(Saved data entries)
*** Block opens ***

theorem mainTheorem5:
  fixes P Q :: "real measure"
  assumes "prob_space P" and "sets P = sets borel"
    and "prob_space Q" and "sets Q = sets borel"
    and "P \<noteq> Q"
  shows "\<exists>c>0. \<forall>k :: nat \<Rightarrow> nat.
           (\<forall>n\<ge>2. 2 \<le> k n \<and> k n \<le> n) \<longrightarrow>
           (\<forall>\<^sub>F n in sequentially. c * ln (real n) \<le> real (k n)) \<longrightarrow>
           (\<lambda>n. optimal_risk n (k n) P Q) \<longlonglongrightarrow> 0"
proof -
  obtain B where B: "B \<in> sets borel" and less: "measure P B < measure Q B"
    using prob_spaces_neq_imp_measure_less[OF assms(1,3)] assms(2,4,5) by auto
  define \<delta> where "\<delta> = (measure Q B - measure P B) / 2"
  have "\<delta> > 0"
    using less by (simp add: \<delta>_def)
  show ?thesis
  proof (intro exI[of _ "4 / \<delta>\<^sup>2"] conjI allI impI)
    fix k :: "nat \<Rightarrow> nat"
    assume k_range: "\<forall>n\<ge>2. 2 \<le> k n \<and> k n \<le> n"
      and k_large: "\<forall>\<^sub>F n in sequentially. 4 / \<delta>\<^sup>2 * ln (real n) \<le> real (k n)"
    have bound: "\<forall>\<^sub>F n in sequentially. optimal_risk n (k n) P Q \<le> 2 / real n"
      using k_large eventually_ge_at_top[of 2]
    proof eventually_elim
      case (elim n)
      with k_range have k: "2 \<le> k n" "k n \<le> n"
        by auto
      have "optimal_risk n (k n) P Q
          \<le> (real (n choose k n) + 1) * exp (-2 * \<delta>\<^sup>2 * real (k n choose 2))"
        using optimal_risk_le_exp[OF assms(1-4) B less_imp_le[OF less] k] by (simp add: \<delta>_def)
      also have "\<dots> \<le> 2 / real n"
        using binomial_exp_le_two_div[OF \<open>\<delta> > 0\<close> k] elim by simp
      finally show ?case .
    qed
    show "(\<lambda>n. optimal_risk n (k n) P Q) \<longlonglongrightarrow> 0"
      by (rule real_tendsto_sandwich[OF _ bound tendsto_const lim_const_over_n])
        (simp add: optimal_risk_nonneg)
  qed (use \<open>\<delta> > 0\<close> in simp)
qed

end
(* Let $(E,d)$ be a metric space whose Borel $\sigma$-algebra $\mathcal{B}(E)$ makes it a standard Borel space, let $\nu$ be a Radon probability measure, and let $A\subset\mathrm{Supp}(\nu)$ be closed. If the MaxEnt posterior $\nu(\cdot\mid A)$ exists, then $\nu(\cdot\mid A)$ is a Radon probability measure and $\nu(E\setminus A\mid A)=0$.
   Context: Fix $R>0$. For each $\sigma>0$ consider $\inf_\mu\{\mathrm{Ent}_\nu(\mu):\mu(E)=1,\ \int_E d_R(x,A)^2\,d\mu(x)\le\sigma^2\}$, with $d(x,A)=\inf_{y\in A}d(x,y)$, $d_R=\min(d,R)$, $\mathrm{Ent}_\nu(\mu)=\int\frac{d\mu}{d\nu}\ln\frac{d\mu}{d\nu}\,d\nu$ if $\mu\ll\nu$, $+\infty$ otherwise. If for every $\sigma>0$ the infimum is attained by a unique $\mu_\sigma$ and $\mu_\sigma$ converges weakly as $\sigma\to0$, the limit is the MaxEnt posterior $\nu(\cdot\mid A)$. $\mathrm{Supp}(\nu)$ is the complement of the union of all $\nu$-null open sets. *)

theory Defs
  imports "HOL-Probability.Probability"
begin

text \<open>The measurable space (E, B(E)) (E = UNIV of a metric type, B(E) = borel) is standard
  Borel: B(E) is the Borel sigma-algebra of some Polish topology on E.\<close>
definition standard_borel_space :: "'a::metric_space itself \<Rightarrow> bool" where
  "standard_borel_space _ \<longleftrightarrow>
     (\<exists>X :: 'a topology. topspace X = UNIV \<and> completely_metrizable_space X \<and> separable_space X
        \<and> sigma_sets UNIV {U. openin X U} = sets (borel :: 'a measure))"

definition radon_measure :: "'a::metric_space measure \<Rightarrow> bool" where
  "radon_measure \<mu> \<longleftrightarrow> sets \<mu> = sets borel \<and> finite_measure \<mu> \<and>
     (\<forall>B\<in>sets borel. emeasure \<mu> B = (SUP K\<in>{K. compact K \<and> K \<subseteq> B}. emeasure \<mu> K))"

definition supp :: "'a::topological_space measure \<Rightarrow> 'a set" where
  "supp \<nu> = - \<Union>{U. open U \<and> emeasure \<nu> U = 0}"

text \<open>Truncated distance d_R(x,A) = min(d(x,A),R), with the convention d(x,{}) = +\<infinity>.\<close>
definition distR :: "real \<Rightarrow> 'a::metric_space set \<Rightarrow> 'a \<Rightarrow> real" where
  "distR R A x = (if A = {} then R else min (infdist x A) R)"

text \<open>Relative entropy Ent_nu(mu) = int (dmu/dnu) ln (dmu/dnu) dnu if mu << nu, +\<infinity> otherwise.
  The negative part of t ln t is bounded, so non-integrability means the integral is +\<infinity>.\<close>
definition rel_entropy :: "'a measure \<Rightarrow> 'a measure \<Rightarrow> ereal" where
  "rel_entropy \<nu> \<mu> =
     (if absolutely_continuous \<nu> \<mu> then
        (let g = (\<lambda>x. enn2real (RN_deriv \<nu> \<mu> x) * ln (enn2real (RN_deriv \<nu> \<mu> x)))
         in if integrable \<nu> g then ereal (integral\<^sup>L \<nu> g) else \<infinity>)
      else \<infinity>)"

definition maxent_feasible :: "real \<Rightarrow> 'a::metric_space set \<Rightarrow> real \<Rightarrow> 'a measure \<Rightarrow> bool" where
  "maxent_feasible R A \<sigma> \<mu> \<longleftrightarrow> sets \<mu> = sets borel \<and> prob_space \<mu> \<and>
     integral\<^sup>L \<mu> (\<lambda>x. (distR R A x)\<^sup>2) \<le> \<sigma>\<^sup>2"

definition maxent_minimizer ::
  "'a::metric_space measure \<Rightarrow> real \<Rightarrow> 'a set \<Rightarrow> real \<Rightarrow> 'a measure \<Rightarrow> bool" where
  "maxent_minimizer \<nu> R A \<sigma> \<mu> \<longleftrightarrow> maxent_feasible R A \<sigma> \<mu> \<and>
     rel_entropy \<nu> \<mu> = (INF \<mu>'\<in>{\<mu>'. maxent_feasible R A \<sigma> \<mu>'}. rel_entropy \<nu> \<mu>')"

definition weak_conv_at_0 :: "(real \<Rightarrow> 'a::metric_space measure) \<Rightarrow> 'a measure \<Rightarrow> bool" where
  "weak_conv_at_0 \<mu>s \<pi> \<longleftrightarrow> sets \<pi> = sets borel \<and> finite_measure \<pi> \<and>
     (\<forall>f::'a \<Rightarrow> real. continuous_on UNIV f \<and> bounded (range f) \<longrightarrow>
        ((\<lambda>\<sigma>. integral\<^sup>L (\<mu>s \<sigma>) f) \<longlongrightarrow> integral\<^sup>L \<pi> f) (at_right 0))"

definition maxent_posterior ::
  "'a::metric_space measure \<Rightarrow> real \<Rightarrow> 'a set \<Rightarrow> 'a measure \<Rightarrow> bool" where
  "maxent_posterior \<nu> R A \<pi> \<longleftrightarrow>
     (\<forall>\<sigma>>0. \<exists>!\<mu>. maxent_minimizer \<nu> R A \<sigma> \<mu>) \<and>
     weak_conv_at_0 (\<lambda>\<sigma>. THE \<mu>. maxent_minimizer \<nu> R A \<sigma> \<mu>) \<pi>"

end

theory Submission
  imports Defs
begin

*** Block closes ***

From the entries above, give again exactly the lines running from the line with "in sequentially. 4" to the line with "(* Let $(E,d)$"; include both of those lines.

      and k_large: "\<forall>\<^sub>F n in sequentially. 4 / \<delta>\<^sup>2 * ln (real n) \<le> real (k n)"
    have bound: "\<forall>\<^sub>F n in sequentially. optimal_risk n (k n) P Q \<le> 2 / real n"
      using k_large eventually_ge_at_top[of 2]
    proof eventually_elim
      case (elim n)
      with k_range have k: "2 \<le> k n" "k n \<le> n"
        by auto
      have "optimal_risk n (k n) P Q
          \<le> (real (n choose k n) + 1) * exp (-2 * \<delta>\<^sup>2 * real (k n choose 2))"
        using optimal_risk_le_exp[OF assms(1-4) B less_imp_le[OF less] k] by (simp add: \<delta>_def)
      also have "\<dots> \<le> 2 / real n"
        using binomial_exp_le_two_div[OF \<open>\<delta> > 0\<close> k] elim by simp
      finally show ?case .
    qed
    show "(\<lambda>n. optimal_risk n (k n) P Q) \<longlonglongrightarrow> 0"
      by (rule real_tendsto_sandwich[OF _ bound tendsto_const lim_const_over_n])
        (simp add: optimal_risk_nonneg)
  qed (use \<open>\<delta> > 0\<close> in simp)
qed

end
(* Let $(E,d)$ be a metric space whose Borel $\sigma$-algebra $\mathcal{B}(E)$ makes it a standard Borel space, let $\nu$ be a Radon probability measure, and let $A\subset\mathrm{Supp}(\nu)$ be closed. If the MaxEnt posterior $\nu(\cdot\mid A)$ exists, then $\nu(\cdot\mid A)$ is a Radon probability measure and $\nu(E\setminus A\mid A)=0$.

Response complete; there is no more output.